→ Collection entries
[Start of section]

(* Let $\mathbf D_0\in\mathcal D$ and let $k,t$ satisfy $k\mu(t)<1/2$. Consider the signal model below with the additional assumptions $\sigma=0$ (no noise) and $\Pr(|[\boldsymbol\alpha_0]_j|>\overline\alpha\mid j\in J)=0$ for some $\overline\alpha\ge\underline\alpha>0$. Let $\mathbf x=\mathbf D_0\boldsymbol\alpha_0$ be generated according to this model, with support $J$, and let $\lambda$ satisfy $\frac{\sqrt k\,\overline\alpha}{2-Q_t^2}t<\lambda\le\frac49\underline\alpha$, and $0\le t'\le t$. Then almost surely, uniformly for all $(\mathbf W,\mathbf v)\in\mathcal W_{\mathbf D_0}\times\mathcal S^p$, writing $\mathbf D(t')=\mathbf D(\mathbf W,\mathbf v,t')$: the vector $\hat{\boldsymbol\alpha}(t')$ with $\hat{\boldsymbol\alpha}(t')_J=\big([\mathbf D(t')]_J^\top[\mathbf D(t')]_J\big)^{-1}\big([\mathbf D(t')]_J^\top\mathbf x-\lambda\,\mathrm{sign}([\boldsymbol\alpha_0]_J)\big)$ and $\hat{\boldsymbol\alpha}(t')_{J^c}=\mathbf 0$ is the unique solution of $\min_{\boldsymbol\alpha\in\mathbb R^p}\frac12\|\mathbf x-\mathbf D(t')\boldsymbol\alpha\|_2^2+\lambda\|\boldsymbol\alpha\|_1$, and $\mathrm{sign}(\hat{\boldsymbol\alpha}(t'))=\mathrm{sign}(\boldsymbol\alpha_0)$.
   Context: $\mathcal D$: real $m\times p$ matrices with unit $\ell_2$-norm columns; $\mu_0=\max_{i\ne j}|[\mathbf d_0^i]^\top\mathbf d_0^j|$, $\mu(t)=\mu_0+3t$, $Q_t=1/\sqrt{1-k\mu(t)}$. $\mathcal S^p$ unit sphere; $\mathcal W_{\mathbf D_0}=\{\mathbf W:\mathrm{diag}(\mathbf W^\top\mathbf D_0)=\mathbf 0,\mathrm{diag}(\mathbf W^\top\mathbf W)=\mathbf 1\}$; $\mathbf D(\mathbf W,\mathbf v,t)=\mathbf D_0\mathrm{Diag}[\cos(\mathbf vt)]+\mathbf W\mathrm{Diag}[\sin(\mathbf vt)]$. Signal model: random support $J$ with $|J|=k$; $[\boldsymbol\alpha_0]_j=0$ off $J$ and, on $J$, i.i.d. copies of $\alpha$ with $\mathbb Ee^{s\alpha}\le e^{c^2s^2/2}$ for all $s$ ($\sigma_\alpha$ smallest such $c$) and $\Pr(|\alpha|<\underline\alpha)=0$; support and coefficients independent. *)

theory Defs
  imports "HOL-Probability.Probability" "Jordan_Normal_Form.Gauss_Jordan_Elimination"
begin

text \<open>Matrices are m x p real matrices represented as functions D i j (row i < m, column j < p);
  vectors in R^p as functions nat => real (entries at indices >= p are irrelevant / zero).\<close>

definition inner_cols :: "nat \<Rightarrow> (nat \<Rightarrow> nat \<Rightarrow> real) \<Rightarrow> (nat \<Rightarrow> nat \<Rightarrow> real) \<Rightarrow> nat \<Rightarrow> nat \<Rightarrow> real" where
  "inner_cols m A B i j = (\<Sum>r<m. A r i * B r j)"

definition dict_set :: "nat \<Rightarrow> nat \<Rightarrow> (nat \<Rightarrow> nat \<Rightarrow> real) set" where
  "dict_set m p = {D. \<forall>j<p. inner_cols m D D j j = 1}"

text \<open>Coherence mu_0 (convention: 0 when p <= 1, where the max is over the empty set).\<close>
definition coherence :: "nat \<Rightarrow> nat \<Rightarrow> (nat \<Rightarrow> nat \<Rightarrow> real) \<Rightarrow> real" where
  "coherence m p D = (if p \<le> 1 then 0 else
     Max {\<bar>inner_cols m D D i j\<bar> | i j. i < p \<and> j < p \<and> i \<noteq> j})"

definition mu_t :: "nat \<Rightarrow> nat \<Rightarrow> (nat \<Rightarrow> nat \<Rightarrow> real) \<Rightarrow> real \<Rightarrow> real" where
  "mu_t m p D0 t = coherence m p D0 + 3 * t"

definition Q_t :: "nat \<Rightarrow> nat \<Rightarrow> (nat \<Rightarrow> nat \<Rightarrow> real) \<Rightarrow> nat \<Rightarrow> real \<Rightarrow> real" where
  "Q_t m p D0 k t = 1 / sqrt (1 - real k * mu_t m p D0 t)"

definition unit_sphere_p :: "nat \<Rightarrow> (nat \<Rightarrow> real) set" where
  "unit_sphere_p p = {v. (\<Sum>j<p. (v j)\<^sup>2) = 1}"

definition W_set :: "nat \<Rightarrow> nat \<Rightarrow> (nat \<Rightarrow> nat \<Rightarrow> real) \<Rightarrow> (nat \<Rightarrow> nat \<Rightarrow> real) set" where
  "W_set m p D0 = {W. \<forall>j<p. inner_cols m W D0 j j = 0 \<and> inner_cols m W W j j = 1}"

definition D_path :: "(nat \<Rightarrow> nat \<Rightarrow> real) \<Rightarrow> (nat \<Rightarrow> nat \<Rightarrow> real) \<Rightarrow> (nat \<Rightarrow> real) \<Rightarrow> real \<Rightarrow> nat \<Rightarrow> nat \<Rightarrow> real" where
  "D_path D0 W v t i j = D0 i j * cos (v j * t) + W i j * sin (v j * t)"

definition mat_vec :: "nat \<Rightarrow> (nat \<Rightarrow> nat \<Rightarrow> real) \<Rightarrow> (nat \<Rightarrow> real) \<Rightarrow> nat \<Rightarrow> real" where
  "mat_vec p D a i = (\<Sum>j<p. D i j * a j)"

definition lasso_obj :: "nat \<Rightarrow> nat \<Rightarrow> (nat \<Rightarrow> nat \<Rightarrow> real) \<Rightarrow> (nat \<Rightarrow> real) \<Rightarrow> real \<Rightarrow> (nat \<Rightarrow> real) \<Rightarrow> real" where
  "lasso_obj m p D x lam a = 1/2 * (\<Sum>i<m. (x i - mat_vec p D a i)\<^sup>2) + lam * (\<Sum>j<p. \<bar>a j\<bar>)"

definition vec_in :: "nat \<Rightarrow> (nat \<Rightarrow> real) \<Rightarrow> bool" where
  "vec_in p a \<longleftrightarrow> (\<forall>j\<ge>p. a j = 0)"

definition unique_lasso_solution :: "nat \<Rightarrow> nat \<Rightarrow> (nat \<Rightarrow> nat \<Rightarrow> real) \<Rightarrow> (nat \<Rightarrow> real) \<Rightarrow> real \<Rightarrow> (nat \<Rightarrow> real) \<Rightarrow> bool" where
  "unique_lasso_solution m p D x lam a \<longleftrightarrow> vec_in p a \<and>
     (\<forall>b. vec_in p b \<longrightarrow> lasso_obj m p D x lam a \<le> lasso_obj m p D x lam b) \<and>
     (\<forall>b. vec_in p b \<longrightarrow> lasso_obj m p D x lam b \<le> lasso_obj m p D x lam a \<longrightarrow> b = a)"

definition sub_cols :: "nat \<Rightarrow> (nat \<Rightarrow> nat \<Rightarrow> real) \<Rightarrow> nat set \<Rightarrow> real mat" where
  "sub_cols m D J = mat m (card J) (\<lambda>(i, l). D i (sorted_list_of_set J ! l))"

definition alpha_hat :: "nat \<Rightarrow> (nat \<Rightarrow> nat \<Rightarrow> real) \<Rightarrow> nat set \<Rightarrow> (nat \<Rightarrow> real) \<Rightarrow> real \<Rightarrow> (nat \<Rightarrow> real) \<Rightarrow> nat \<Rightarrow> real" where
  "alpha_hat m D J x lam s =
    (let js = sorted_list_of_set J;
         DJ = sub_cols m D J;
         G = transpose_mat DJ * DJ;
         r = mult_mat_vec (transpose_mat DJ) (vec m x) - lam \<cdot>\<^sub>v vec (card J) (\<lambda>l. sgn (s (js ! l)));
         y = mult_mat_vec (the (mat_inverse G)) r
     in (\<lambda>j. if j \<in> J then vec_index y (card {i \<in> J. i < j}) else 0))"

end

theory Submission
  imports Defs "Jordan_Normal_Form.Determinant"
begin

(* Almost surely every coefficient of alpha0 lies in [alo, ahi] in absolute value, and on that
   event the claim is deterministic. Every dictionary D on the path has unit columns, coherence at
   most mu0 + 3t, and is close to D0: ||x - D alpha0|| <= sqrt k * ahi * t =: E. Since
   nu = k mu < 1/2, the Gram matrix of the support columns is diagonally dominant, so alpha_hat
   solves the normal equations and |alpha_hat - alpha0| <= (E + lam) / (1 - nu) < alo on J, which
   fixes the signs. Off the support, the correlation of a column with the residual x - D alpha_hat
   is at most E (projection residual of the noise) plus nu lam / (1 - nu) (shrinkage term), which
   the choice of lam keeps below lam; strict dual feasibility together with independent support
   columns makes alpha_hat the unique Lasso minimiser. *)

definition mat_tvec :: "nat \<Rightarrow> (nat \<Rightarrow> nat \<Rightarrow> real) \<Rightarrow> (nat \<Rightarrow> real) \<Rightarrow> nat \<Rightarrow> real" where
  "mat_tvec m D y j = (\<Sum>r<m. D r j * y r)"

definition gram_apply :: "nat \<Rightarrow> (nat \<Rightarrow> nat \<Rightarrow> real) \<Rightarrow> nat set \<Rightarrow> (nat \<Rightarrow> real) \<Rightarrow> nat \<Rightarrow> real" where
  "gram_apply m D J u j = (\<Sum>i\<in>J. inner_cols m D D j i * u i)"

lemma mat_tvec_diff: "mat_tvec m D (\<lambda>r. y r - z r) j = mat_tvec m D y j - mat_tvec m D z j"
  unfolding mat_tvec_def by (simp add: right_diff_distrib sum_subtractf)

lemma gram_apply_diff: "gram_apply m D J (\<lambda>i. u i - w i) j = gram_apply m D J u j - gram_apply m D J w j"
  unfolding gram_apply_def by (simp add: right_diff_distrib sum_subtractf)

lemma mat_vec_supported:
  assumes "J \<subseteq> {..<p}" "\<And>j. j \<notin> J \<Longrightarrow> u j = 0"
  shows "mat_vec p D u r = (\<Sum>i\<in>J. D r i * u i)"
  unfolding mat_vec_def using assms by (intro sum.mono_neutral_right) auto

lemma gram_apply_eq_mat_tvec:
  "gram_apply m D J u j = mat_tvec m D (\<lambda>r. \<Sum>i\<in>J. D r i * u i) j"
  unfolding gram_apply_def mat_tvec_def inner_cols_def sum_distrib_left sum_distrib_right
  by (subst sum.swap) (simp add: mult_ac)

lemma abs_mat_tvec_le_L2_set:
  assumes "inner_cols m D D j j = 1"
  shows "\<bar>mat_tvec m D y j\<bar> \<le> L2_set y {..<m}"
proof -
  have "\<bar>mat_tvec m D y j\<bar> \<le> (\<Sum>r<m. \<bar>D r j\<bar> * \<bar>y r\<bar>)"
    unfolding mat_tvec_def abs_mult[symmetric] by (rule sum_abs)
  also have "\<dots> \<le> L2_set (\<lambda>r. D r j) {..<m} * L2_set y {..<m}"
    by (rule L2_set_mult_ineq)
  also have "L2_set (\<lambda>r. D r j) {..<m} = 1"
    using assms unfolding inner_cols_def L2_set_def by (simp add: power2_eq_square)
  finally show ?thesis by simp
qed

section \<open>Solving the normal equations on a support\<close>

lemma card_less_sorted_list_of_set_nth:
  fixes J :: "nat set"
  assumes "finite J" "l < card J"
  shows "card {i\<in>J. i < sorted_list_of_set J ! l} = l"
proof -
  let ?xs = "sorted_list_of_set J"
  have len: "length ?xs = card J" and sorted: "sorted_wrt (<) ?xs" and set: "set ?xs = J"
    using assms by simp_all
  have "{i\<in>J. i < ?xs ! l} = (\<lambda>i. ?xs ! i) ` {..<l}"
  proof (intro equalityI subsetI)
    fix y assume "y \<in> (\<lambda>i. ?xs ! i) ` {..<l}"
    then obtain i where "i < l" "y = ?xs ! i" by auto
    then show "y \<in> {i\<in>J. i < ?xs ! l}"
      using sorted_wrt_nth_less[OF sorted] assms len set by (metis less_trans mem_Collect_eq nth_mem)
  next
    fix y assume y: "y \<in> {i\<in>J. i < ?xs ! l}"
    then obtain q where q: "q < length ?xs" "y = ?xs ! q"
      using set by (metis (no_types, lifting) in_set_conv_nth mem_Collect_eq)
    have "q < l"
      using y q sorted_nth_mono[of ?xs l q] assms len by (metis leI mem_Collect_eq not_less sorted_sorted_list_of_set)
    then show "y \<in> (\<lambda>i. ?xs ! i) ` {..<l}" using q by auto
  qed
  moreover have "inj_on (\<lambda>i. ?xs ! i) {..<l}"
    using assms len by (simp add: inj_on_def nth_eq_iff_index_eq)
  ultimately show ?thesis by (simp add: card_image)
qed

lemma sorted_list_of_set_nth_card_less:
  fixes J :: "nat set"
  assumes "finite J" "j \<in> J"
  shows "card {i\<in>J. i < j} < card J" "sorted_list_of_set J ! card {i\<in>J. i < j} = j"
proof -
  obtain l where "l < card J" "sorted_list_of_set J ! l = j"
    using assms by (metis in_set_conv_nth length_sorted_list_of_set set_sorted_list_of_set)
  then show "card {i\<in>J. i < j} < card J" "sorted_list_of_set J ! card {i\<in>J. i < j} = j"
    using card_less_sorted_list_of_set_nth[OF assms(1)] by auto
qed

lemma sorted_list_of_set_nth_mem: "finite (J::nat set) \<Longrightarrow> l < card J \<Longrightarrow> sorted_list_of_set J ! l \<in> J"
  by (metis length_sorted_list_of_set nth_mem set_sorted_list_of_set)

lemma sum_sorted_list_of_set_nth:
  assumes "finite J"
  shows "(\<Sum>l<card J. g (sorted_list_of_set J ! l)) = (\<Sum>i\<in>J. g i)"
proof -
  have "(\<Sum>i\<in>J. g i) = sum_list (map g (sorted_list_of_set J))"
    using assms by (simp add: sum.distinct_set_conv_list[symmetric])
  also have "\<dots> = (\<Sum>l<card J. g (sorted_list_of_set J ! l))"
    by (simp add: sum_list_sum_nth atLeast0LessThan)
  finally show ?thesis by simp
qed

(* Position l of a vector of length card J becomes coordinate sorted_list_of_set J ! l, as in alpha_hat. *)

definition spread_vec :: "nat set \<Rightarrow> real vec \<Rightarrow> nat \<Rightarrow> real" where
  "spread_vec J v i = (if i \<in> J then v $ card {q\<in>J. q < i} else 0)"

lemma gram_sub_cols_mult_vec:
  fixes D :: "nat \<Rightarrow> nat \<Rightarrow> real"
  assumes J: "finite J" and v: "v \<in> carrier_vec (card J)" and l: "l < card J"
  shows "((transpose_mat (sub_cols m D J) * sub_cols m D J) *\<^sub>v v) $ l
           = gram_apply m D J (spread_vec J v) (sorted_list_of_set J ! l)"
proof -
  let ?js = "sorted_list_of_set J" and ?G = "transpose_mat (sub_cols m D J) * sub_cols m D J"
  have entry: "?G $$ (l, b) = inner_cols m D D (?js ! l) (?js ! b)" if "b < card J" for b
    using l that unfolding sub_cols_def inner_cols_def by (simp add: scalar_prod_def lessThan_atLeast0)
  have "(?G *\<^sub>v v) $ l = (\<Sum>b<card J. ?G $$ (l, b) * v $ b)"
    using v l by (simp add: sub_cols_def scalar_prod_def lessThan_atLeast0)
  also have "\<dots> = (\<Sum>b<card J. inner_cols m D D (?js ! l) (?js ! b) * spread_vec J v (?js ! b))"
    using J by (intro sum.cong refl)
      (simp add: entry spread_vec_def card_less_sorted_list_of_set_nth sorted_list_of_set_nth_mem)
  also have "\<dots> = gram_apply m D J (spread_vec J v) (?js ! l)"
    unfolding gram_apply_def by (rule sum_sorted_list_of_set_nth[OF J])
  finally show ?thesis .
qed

[End of section]

→ Work task
Using the entries above, give back exactly the line containing "by (rule L2_set_mult_ineq)", the line containing "then obtain q", and every line between them, and nothing else.

→ Answer space
    by (rule L2_set_mult_ineq)
  also have "L2_set (\<lambda>r. D r j) {..<m} = 1"
    using assms unfolding inner_cols_def L2_set_def by (simp add: power2_eq_square)
  finally show ?thesis by simp
qed

section \<open>Solving the normal equations on a support\<close>

lemma card_less_sorted_list_of_set_nth:
  fixes J :: "nat set"
  assumes "finite J" "l < card J"
  shows "card {i\<in>J. i < sorted_list_of_set J ! l} = l"
proof -
  let ?xs = "sorted_list_of_set J"
  have len: "length ?xs = card J" and sorted: "sorted_wrt (<) ?xs" and set: "set ?xs = J"
    using assms by simp_all
  have "{i\<in>J. i < ?xs ! l} = (\<lambda>i. ?xs ! i) ` {..<l}"
  proof (intro equalityI subsetI)
    fix y assume "y \<in> (\<lambda>i. ?xs ! i) ` {..<l}"
    then obtain i where "i < l" "y = ?xs ! i" by auto
    then show "y \<in> {i\<in>J. i < ?xs ! l}"
      using sorted_wrt_nth_less[OF sorted] assms len set by (metis less_trans mem_Collect_eq nth_mem)
  next
    fix y assume y: "y \<in> {i\<in>J. i < ?xs ! l}"
    then obtain q where q: "q < length ?xs" "y = ?xs ! q"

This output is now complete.